#### INSTRUCTIONS FOR THE TASK
Filter these entries down to lines holding "bool".

#### PROVIDED ENTRIES

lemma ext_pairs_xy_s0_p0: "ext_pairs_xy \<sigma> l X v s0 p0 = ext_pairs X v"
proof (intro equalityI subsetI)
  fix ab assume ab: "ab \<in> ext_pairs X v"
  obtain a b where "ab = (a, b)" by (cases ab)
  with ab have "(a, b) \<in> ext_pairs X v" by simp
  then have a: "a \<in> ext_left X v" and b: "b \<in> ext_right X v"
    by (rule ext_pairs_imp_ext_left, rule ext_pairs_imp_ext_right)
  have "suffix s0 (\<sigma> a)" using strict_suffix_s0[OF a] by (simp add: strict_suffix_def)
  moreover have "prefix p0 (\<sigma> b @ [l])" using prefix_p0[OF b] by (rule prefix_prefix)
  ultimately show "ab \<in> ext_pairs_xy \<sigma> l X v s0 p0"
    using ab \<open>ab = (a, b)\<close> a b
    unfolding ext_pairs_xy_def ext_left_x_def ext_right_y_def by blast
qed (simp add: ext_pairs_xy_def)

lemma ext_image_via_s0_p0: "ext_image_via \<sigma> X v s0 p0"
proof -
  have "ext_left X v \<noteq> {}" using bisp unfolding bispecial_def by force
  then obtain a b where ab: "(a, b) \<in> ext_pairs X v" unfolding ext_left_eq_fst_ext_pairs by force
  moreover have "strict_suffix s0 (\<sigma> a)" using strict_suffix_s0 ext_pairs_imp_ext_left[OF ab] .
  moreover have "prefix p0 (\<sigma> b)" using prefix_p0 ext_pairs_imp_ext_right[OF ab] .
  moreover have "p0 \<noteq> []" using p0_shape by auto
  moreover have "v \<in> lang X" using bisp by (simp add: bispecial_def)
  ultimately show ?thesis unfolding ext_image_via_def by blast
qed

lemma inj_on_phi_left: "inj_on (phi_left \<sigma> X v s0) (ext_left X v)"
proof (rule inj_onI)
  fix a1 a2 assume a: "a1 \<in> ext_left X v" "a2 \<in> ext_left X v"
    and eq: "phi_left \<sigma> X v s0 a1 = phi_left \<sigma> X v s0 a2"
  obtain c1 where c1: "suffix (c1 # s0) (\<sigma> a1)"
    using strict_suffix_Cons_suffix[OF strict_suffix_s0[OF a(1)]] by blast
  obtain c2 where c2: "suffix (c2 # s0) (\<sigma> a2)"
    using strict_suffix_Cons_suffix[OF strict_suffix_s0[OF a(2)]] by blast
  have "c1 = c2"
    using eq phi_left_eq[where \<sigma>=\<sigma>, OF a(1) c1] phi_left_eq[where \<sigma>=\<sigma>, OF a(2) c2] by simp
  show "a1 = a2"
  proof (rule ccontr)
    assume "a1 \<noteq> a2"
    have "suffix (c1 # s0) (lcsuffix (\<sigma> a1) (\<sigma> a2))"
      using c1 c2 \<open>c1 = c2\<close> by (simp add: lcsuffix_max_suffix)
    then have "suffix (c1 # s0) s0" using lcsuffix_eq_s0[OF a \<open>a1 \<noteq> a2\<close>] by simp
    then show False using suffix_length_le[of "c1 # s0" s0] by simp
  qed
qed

...

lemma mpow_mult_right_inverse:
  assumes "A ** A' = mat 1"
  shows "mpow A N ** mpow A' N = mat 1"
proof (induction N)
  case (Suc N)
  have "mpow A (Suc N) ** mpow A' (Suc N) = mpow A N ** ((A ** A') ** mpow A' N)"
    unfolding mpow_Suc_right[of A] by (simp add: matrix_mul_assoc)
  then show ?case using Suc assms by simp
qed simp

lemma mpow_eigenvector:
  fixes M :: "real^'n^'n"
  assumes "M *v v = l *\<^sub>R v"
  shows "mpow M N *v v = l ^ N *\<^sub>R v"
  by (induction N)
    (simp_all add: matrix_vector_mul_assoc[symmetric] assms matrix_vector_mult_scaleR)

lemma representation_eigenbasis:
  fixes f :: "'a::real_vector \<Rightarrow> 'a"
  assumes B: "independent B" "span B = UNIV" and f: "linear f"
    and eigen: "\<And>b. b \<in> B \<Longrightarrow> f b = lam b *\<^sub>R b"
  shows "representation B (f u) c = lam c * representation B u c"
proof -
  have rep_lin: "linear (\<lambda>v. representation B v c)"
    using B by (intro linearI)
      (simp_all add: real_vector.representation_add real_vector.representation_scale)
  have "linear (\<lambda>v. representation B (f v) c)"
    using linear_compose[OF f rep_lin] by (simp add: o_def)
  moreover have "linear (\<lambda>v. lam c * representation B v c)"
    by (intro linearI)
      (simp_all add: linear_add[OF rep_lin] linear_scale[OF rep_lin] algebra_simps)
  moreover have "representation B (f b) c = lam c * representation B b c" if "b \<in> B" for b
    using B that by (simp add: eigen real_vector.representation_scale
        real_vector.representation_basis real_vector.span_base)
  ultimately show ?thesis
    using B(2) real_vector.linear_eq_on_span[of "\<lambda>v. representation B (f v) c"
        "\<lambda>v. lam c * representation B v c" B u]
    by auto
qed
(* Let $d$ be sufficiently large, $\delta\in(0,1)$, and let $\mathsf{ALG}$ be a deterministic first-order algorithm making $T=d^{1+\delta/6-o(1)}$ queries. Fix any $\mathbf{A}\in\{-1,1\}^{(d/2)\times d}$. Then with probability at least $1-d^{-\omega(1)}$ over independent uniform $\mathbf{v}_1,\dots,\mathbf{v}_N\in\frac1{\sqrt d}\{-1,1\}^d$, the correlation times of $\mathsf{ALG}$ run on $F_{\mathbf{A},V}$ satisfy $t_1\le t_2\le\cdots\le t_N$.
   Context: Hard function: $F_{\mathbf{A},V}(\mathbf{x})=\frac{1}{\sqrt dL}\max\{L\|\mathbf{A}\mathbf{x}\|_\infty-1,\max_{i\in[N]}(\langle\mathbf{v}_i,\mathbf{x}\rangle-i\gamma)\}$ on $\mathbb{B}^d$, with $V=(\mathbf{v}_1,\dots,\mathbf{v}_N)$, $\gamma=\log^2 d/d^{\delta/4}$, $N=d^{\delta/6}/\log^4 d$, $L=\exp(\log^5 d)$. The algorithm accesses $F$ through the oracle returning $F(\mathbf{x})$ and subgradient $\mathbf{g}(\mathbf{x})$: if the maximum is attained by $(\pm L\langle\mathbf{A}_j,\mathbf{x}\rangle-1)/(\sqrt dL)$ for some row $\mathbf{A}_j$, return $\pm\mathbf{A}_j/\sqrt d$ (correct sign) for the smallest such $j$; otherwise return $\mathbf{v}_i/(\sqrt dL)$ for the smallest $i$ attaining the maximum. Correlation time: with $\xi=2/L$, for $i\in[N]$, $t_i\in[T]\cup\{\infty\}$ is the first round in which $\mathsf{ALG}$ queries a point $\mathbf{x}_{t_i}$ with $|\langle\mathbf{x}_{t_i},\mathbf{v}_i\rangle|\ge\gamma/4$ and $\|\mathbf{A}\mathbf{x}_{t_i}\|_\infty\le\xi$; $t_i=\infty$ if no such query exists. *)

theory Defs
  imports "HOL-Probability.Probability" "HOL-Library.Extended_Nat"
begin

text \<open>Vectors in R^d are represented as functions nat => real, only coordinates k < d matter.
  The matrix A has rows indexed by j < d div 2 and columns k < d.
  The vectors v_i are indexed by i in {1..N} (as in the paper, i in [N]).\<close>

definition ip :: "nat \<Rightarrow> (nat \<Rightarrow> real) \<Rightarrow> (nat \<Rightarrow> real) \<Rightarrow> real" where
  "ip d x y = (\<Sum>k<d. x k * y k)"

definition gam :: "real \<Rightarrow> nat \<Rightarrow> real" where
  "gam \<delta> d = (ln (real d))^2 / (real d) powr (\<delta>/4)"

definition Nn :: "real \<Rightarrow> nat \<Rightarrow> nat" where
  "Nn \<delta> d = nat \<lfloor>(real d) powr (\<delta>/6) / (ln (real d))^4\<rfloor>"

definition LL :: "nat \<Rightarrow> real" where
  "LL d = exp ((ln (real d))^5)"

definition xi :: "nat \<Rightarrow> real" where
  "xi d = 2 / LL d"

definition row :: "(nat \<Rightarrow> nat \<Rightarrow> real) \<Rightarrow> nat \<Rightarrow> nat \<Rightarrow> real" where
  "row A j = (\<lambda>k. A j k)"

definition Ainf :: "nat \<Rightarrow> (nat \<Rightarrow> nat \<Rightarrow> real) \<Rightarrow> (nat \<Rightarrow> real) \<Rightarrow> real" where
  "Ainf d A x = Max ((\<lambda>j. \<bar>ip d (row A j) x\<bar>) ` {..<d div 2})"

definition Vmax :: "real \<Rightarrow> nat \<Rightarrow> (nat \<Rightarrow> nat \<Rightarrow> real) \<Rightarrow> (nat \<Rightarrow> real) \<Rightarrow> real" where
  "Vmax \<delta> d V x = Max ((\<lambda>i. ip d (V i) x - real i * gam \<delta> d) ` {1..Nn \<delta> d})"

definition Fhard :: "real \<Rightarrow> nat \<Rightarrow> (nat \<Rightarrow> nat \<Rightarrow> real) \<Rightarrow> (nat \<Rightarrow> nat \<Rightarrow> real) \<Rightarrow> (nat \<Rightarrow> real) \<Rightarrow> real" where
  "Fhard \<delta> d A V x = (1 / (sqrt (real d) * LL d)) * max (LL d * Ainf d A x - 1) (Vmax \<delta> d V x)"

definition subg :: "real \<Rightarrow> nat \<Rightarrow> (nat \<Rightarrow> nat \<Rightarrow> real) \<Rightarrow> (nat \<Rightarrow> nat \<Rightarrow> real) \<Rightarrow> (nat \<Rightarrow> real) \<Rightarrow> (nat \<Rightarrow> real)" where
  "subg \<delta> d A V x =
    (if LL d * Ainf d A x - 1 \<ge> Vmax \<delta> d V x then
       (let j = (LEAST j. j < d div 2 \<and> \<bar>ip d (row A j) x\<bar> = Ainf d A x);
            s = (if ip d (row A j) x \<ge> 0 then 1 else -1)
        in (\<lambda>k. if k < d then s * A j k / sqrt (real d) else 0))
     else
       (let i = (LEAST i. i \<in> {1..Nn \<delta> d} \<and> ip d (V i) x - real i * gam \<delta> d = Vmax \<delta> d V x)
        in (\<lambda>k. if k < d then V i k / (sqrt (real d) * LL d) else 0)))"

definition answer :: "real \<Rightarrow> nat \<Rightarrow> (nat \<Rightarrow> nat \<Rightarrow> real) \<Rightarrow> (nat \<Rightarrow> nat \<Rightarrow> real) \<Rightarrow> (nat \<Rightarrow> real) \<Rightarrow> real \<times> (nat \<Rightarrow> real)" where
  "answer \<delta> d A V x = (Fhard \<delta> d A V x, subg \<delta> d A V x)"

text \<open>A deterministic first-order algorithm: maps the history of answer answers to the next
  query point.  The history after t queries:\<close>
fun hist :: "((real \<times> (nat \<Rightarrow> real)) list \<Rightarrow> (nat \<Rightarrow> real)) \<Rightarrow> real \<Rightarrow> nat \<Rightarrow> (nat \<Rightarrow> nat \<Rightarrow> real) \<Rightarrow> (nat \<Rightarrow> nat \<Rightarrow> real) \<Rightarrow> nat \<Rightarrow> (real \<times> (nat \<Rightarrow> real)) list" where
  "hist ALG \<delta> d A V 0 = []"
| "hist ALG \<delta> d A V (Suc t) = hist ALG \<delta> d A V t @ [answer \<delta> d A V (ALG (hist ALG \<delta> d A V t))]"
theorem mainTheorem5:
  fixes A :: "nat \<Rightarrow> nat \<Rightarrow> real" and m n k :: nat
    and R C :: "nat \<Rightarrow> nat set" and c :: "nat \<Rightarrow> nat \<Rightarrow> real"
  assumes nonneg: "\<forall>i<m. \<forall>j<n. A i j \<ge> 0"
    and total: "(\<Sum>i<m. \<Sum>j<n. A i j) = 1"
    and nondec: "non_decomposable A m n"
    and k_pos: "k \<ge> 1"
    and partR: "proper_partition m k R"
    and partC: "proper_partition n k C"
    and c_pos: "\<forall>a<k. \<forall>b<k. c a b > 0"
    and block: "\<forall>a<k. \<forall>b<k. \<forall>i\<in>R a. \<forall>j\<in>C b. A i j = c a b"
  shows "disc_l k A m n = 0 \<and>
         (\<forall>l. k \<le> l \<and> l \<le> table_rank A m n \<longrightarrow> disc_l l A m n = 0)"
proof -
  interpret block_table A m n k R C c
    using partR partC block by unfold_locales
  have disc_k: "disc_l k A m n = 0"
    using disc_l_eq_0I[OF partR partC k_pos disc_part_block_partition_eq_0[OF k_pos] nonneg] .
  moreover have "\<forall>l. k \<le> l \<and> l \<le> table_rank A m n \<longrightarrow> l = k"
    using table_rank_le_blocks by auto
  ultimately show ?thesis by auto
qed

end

...

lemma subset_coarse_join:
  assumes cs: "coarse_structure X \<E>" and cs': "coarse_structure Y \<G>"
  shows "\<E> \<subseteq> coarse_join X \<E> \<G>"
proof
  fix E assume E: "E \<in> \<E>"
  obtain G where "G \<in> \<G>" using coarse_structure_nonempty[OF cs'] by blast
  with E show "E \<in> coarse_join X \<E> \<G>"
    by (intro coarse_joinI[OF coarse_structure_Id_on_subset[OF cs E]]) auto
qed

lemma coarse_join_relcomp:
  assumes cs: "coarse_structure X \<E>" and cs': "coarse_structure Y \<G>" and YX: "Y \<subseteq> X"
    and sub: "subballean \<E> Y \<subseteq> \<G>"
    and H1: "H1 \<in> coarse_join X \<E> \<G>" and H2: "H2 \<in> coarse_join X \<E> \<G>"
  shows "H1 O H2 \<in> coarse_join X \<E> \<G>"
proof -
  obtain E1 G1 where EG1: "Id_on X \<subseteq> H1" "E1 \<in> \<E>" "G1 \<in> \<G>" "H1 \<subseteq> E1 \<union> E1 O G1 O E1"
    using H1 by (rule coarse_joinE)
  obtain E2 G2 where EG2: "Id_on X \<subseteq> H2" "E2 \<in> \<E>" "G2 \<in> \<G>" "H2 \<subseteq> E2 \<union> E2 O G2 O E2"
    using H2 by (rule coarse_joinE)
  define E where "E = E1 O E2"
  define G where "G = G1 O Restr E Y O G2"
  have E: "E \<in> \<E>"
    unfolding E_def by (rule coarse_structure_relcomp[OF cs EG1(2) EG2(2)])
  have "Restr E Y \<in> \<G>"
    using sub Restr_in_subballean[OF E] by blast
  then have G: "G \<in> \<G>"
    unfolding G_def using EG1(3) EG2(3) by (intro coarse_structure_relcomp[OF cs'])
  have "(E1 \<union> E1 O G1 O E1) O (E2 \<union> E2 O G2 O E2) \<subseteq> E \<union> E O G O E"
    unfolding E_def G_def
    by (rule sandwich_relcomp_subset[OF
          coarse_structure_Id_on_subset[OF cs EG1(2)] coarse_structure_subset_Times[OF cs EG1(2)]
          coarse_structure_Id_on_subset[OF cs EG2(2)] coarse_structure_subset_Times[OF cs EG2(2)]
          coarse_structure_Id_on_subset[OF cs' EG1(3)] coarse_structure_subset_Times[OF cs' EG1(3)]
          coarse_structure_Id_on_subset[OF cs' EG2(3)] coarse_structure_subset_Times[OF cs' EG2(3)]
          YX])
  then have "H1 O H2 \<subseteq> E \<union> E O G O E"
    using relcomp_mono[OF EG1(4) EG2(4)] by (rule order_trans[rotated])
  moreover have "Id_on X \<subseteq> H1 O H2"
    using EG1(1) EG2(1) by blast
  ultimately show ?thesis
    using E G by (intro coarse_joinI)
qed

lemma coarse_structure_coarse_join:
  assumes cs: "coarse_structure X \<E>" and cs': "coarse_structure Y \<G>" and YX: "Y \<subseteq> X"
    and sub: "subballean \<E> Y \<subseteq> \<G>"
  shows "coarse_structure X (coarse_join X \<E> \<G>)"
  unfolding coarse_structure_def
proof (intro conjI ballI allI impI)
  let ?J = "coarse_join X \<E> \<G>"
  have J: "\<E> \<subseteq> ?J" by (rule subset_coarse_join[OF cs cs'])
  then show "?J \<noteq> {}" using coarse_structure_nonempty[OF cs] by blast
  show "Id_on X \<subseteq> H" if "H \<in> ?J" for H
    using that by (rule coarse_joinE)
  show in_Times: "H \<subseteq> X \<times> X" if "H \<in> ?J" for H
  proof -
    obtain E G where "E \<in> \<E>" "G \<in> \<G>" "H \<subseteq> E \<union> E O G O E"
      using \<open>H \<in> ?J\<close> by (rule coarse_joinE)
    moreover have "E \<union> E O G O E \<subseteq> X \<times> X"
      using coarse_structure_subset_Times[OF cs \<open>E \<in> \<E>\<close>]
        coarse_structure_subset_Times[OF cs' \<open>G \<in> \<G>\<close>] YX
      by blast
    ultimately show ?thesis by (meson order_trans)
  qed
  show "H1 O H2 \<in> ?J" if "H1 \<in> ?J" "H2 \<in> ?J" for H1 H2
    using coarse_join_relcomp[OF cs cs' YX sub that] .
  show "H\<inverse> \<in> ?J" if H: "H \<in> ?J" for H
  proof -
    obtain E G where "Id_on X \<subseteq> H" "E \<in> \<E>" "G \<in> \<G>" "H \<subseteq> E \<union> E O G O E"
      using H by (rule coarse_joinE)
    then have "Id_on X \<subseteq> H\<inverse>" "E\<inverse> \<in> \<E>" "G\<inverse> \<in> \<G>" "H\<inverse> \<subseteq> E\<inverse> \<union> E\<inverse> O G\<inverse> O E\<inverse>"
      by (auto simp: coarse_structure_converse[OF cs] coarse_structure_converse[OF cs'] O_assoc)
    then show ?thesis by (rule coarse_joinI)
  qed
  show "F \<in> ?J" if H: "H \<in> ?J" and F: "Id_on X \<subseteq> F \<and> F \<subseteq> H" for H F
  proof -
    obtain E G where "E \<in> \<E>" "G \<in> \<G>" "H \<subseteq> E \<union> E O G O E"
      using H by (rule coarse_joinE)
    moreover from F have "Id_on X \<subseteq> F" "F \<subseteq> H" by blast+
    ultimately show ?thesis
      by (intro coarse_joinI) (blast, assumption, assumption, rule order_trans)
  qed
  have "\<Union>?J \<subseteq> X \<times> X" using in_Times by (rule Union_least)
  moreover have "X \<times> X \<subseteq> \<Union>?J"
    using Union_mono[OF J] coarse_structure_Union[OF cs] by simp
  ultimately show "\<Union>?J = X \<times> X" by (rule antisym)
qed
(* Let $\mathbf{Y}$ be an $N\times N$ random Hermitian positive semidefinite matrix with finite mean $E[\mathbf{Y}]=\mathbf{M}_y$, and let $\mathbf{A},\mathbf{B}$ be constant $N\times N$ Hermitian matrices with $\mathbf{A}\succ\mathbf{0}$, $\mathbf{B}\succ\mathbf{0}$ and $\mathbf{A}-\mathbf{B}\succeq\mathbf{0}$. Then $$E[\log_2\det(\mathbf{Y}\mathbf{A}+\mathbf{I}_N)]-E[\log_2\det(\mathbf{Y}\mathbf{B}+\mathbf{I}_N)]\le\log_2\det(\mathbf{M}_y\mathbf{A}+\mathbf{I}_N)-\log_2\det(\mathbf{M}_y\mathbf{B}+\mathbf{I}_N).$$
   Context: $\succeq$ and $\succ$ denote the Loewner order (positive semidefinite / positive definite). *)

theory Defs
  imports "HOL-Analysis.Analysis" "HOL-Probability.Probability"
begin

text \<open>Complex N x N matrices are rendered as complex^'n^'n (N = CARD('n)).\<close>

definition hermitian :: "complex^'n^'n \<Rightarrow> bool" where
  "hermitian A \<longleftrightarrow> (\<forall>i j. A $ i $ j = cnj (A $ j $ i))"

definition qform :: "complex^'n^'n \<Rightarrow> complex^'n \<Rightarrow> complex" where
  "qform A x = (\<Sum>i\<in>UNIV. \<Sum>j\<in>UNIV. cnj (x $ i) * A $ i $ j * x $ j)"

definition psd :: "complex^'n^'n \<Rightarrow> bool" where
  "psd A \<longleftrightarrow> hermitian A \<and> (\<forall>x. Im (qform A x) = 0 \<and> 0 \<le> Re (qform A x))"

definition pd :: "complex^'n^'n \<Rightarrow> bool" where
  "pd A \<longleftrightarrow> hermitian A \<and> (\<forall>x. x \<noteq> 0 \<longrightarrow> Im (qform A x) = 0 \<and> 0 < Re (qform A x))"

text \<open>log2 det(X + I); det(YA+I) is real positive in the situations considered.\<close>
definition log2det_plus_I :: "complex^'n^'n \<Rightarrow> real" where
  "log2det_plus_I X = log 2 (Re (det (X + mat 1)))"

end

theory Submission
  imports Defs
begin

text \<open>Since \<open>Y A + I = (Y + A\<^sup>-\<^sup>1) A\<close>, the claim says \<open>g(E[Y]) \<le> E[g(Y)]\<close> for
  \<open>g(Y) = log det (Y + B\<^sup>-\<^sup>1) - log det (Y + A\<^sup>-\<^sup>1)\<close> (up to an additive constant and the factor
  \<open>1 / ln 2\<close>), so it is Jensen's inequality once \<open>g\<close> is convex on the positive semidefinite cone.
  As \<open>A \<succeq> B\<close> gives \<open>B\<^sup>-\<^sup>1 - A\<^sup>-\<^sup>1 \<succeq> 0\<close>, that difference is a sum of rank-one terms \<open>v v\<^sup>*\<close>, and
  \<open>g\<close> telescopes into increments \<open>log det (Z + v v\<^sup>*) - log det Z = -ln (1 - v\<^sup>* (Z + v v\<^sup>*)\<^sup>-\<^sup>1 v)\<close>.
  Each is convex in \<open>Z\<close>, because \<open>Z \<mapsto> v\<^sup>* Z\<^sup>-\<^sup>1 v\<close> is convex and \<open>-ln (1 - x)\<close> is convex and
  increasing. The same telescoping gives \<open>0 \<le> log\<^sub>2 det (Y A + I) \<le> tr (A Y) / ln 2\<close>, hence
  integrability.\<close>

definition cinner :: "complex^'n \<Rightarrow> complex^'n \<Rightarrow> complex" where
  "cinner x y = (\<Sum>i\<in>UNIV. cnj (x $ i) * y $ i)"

#### WRITTEN RESPONSE
definition hermitian :: "complex^'n^'n \<Rightarrow> bool" where
definition psd :: "complex^'n^'n \<Rightarrow> bool" where
definition pd :: "complex^'n^'n \<Rightarrow> bool" where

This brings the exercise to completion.